- [Task to complete]
Search each line of the data for the word "obtains"; copy every line where it is found.
[Data section — start]
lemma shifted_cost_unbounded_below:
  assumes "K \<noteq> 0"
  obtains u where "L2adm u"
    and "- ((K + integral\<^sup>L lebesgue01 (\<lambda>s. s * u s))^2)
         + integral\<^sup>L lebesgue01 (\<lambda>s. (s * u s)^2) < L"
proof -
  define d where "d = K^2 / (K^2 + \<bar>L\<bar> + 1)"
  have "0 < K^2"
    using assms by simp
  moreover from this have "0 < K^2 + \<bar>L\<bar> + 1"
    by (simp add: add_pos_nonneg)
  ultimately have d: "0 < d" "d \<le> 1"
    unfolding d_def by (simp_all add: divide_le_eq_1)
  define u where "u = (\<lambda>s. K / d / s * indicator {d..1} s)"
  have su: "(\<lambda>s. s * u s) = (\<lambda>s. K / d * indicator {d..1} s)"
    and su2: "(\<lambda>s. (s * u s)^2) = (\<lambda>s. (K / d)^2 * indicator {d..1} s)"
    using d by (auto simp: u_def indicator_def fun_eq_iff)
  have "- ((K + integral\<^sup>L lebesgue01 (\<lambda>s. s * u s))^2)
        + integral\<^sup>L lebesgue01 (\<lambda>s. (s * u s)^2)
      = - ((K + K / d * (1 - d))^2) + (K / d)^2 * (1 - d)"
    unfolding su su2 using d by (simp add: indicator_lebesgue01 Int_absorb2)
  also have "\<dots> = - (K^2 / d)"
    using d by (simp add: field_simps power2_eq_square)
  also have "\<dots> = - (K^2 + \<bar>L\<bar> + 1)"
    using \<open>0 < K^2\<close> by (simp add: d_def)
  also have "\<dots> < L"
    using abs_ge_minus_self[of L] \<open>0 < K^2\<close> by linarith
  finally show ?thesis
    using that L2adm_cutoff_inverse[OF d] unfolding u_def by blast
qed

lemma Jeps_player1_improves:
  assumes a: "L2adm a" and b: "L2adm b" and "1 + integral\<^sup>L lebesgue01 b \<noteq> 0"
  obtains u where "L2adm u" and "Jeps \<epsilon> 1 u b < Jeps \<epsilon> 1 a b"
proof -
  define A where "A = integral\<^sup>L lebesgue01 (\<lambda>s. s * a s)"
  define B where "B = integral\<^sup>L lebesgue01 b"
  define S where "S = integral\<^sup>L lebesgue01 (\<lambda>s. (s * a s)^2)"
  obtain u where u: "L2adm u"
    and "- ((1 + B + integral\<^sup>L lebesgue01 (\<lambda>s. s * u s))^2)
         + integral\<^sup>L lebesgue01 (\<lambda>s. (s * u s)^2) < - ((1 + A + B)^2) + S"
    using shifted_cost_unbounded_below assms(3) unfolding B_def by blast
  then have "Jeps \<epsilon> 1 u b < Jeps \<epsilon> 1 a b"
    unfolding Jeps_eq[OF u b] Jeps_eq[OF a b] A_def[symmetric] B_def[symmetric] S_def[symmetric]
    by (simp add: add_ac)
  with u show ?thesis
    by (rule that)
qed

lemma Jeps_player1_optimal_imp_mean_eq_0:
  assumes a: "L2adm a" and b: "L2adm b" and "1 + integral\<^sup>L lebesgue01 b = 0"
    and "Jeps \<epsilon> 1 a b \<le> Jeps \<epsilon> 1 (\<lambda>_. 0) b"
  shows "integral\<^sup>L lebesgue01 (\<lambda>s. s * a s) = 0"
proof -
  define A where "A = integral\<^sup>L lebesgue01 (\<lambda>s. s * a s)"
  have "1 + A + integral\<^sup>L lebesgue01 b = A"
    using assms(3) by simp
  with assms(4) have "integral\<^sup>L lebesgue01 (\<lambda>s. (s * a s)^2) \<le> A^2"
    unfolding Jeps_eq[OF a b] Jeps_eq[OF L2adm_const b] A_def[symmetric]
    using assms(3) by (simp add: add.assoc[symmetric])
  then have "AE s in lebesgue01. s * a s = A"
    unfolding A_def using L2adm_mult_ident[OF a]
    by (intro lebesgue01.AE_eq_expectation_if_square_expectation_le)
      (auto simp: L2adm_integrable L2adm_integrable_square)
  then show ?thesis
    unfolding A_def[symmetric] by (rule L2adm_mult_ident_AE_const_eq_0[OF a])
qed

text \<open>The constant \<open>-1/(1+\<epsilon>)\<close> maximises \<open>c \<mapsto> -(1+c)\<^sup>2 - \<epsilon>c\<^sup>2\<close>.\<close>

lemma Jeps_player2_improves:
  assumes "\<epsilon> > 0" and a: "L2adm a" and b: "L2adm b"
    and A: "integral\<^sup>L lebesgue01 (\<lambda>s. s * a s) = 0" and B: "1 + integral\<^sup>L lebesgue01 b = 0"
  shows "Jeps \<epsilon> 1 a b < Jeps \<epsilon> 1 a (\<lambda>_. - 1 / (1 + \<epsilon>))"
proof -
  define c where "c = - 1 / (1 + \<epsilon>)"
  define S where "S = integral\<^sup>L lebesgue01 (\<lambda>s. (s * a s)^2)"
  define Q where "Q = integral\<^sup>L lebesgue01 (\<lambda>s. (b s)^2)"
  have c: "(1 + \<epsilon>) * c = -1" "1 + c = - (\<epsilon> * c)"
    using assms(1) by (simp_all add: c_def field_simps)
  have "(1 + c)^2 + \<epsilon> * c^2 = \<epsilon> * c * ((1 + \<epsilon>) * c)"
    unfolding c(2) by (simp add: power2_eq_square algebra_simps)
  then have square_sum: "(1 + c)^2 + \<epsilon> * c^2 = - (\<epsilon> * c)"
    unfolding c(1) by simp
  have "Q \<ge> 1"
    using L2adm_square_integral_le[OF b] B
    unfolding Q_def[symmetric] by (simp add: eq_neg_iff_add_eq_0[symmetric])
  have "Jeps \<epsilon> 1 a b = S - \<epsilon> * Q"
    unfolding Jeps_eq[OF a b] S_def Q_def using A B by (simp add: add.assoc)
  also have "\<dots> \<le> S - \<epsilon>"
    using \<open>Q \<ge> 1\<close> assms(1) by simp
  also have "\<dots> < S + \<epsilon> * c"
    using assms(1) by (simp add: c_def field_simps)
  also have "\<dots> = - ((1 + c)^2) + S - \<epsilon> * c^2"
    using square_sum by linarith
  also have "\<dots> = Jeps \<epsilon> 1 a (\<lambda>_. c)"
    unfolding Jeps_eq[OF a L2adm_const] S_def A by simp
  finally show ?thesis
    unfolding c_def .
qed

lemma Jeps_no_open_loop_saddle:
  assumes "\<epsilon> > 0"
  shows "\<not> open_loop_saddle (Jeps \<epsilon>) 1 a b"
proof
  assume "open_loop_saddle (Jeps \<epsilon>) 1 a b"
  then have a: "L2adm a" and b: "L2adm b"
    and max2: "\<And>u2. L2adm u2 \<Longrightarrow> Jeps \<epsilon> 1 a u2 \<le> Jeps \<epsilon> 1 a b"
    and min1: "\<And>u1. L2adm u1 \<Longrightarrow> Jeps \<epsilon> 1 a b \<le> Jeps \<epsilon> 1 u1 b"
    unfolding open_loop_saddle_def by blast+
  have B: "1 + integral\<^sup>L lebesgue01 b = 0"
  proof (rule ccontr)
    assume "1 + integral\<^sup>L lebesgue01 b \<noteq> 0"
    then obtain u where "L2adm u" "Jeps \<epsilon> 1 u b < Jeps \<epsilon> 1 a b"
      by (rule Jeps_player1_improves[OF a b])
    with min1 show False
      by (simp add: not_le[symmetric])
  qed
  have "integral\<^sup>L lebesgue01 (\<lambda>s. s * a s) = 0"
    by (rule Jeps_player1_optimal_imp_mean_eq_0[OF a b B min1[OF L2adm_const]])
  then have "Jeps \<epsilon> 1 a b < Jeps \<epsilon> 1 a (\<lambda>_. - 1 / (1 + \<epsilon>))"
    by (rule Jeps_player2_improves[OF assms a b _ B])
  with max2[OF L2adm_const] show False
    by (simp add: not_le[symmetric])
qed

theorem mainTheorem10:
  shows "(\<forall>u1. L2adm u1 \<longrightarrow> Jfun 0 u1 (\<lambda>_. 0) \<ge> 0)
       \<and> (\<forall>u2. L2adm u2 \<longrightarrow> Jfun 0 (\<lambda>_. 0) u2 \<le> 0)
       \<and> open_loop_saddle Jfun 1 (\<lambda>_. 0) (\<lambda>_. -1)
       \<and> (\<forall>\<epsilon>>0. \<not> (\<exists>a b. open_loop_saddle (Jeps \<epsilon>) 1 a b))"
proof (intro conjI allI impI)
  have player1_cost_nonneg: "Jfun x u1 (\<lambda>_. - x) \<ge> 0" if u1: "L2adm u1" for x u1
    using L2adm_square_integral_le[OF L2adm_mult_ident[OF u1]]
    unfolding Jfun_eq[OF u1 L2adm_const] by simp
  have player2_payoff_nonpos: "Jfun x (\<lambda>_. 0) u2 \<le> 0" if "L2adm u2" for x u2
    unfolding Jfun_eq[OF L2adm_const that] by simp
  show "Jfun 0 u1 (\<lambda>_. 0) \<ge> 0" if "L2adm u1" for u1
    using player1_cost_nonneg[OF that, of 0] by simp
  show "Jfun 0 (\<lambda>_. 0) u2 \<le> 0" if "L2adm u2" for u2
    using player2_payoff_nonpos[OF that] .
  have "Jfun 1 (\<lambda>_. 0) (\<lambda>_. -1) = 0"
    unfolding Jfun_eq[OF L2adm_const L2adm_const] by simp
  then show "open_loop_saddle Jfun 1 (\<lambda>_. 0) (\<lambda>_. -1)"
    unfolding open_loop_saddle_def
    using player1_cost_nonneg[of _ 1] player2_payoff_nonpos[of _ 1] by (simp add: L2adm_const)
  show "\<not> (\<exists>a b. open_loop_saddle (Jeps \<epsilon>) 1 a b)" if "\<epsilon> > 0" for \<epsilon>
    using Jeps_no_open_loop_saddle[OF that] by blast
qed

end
[Data section — finish]
- [Answer space]
  obtains u where "L2adm u"
  obtains u where "L2adm u" and "Jeps \<epsilon> 1 u b < Jeps \<epsilon> 1 a b"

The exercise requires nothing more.